Exercise goal:
All of the data needs to come back exactly as written.

(Beginning of Material provided)

(* Let $\mathrm{k}$ be an infinite field and $\mathcal{A}$ a unital associative $\mathrm{k}$-algebra satisfying $\mathbf{H}_{\mathrm{s}}$. Let $V,W$ be finite-dimensional $\mathrm{k}$-subspaces of $\mathcal{A}$ such that the elements of $V$ pairwise commute, $V\cap U(\mathcal{A})\neq\emptyset$ and $W\cap U(\mathcal{A})\neq\emptyset$. Then there exist a $\mathrm{k}$-subspace $S$ of $\mathrm{k}\langle VW\rangle$ and a finite-dimensional subalgebra $\mathcal{H}$ of $\mathcal{A}$ such that $S\cap U(\mathcal{A})\neq\emptyset$, $\mathrm{k}\subseteq\mathcal{H}\subseteq\mathcal{A}$, $\dim_{\mathrm{k}}\mathrm{k}\langle VW\rangle\geq\dim_{\mathrm{k}}S\geq\dim_{\mathrm{k}}V+\dim_{\mathrm{k}}W-\dim_{\mathrm{k}}\mathcal{H}$, and $\mathcal{H}S=S$.
   Context: Algebras are unital associative, subalgebras contain $1$; $U(\mathcal{A})$ is the group of invertible elements; $\mathrm{k}\langle S\rangle$ is linear span; $VW=\{vw\mid v\in V,w\in W\}$. Hypothesis $\mathbf{H}_{\mathrm{s}}$: $\mathcal{A}$ is finite-dimensional over $\mathrm{k}$, or $\mathrm{k}\in\{\mathbb{R},\mathbb{C}\}$ and $\mathcal{A}$ is a Banach algebra over $\mathrm{k}$, or $\mathcal{A}$ is a finite product of field extensions of $\mathrm{k}$. No hypothesis on the number of subalgebras is made. *)

theory Defs
  imports "HOL-Analysis.Analysis"
begin

definition is_k_algebra :: "('k::field \<Rightarrow> 'a::ring_1 \<Rightarrow> 'a) \<Rightarrow> bool" where
  "is_k_algebra smult_k \<longleftrightarrow> vector_space smult_k \<and>
     (\<forall>c x y. smult_k c (x * y) = smult_k c x * y \<and> smult_k c (x * y) = x * smult_k c y)"

definition units_of_ring :: "'a::ring_1 set" where
  "units_of_ring = {x. \<exists>y. x * y = 1 \<and> y * x = 1}"

definition set_prod :: "'a::times set \<Rightarrow> 'a set \<Rightarrow> 'a set" where
  "set_prod V W = {v * w | v w. v \<in> V \<and> w \<in> W}"

definition fin_dim_subspace :: "('k::field \<Rightarrow> 'a::ring_1 \<Rightarrow> 'a) \<Rightarrow> 'a set \<Rightarrow> bool" where
  "fin_dim_subspace smult_k V \<longleftrightarrow> module.subspace smult_k V \<and>
     (\<exists>B. finite B \<and> B \<subseteq> V \<and> module.span smult_k B = V)"

definition is_subalgebra :: "('k::field \<Rightarrow> 'a::ring_1 \<Rightarrow> 'a) \<Rightarrow> 'a set \<Rightarrow> bool" where
  "is_subalgebra smult_k H \<longleftrightarrow> module.subspace smult_k H \<and> 1 \<in> H \<and>
     (\<forall>x\<in>H. \<forall>y\<in>H. x * y \<in> H)"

(End of Material provided)

Output of the exercise:
(* Let $\mathrm{k}$ be an infinite field and $\mathcal{A}$ a unital associative $\mathrm{k}$-algebra satisfying $\mathbf{H}_{\mathrm{s}}$. Let $V,W$ be finite-dimensional $\mathrm{k}$-subspaces of $\mathcal{A}$ such that the elements of $V$ pairwise commute, $V\cap U(\mathcal{A})\neq\emptyset$ and $W\cap U(\mathcal{A})\neq\emptyset$. Then there exist a $\mathrm{k}$-subspace $S$ of $\mathrm{k}\langle VW\rangle$ and a finite-dimensional subalgebra $\mathcal{H}$ of $\mathcal{A}$ such that $S\cap U(\mathcal{A})\neq\emptyset$, $\mathrm{k}\subseteq\mathcal{H}\subseteq\mathcal{A}$, $\dim_{\mathrm{k}}\mathrm{k}\langle VW\rangle\geq\dim_{\mathrm{k}}S\geq\dim_{\mathrm{k}}V+\dim_{\mathrm{k}}W-\dim_{\mathrm{k}}\mathcal{H}$, and $\mathcal{H}S=S$.
   Context: Algebras are unital associative, subalgebras contain $1$; $U(\mathcal{A})$ is the group of invertible elements; $\mathrm{k}\langle S\rangle$ is linear span; $VW=\{vw\mid v\in V,w\in W\}$. Hypothesis $\mathbf{H}_{\mathrm{s}}$: $\mathcal{A}$ is finite-dimensional over $\mathrm{k}$, or $\mathrm{k}\in\{\mathbb{R},\mathbb{C}\}$ and $\mathcal{A}$ is a Banach algebra over $\mathrm{k}$, or $\mathcal{A}$ is a finite product of field extensions of $\mathrm{k}$. No hypothesis on the number of subalgebras is made. *)

theory Defs
  imports "HOL-Analysis.Analysis"
begin

definition is_k_algebra :: "('k::field \<Rightarrow> 'a::ring_1 \<Rightarrow> 'a) \<Rightarrow> bool" where
  "is_k_algebra smult_k \<longleftrightarrow> vector_space smult_k \<and>
     (\<forall>c x y. smult_k c (x * y) = smult_k c x * y \<and> smult_k c (x * y) = x * smult_k c y)"

definition units_of_ring :: "'a::ring_1 set" where
  "units_of_ring = {x. \<exists>y. x * y = 1 \<and> y * x = 1}"

definition set_prod :: "'a::times set \<Rightarrow> 'a set \<Rightarrow> 'a set" where
  "set_prod V W = {v * w | v w. v \<in> V \<and> w \<in> W}"

definition fin_dim_subspace :: "('k::field \<Rightarrow> 'a::ring_1 \<Rightarrow> 'a) \<Rightarrow> 'a set \<Rightarrow> bool" where
  "fin_dim_subspace smult_k V \<longleftrightarrow> module.subspace smult_k V \<and>
     (\<exists>B. finite B \<and> B \<subseteq> V \<and> module.span smult_k B = V)"

definition is_subalgebra :: "('k::field \<Rightarrow> 'a::ring_1 \<Rightarrow> 'a) \<Rightarrow> 'a set \<Rightarrow> bool" where
  "is_subalgebra smult_k H \<longleftrightarrow> module.subspace smult_k H \<and> 1 \<in> H \<and>
     (\<forall>x\<in>H. \<forall>y\<in>H. x * y \<in> H)"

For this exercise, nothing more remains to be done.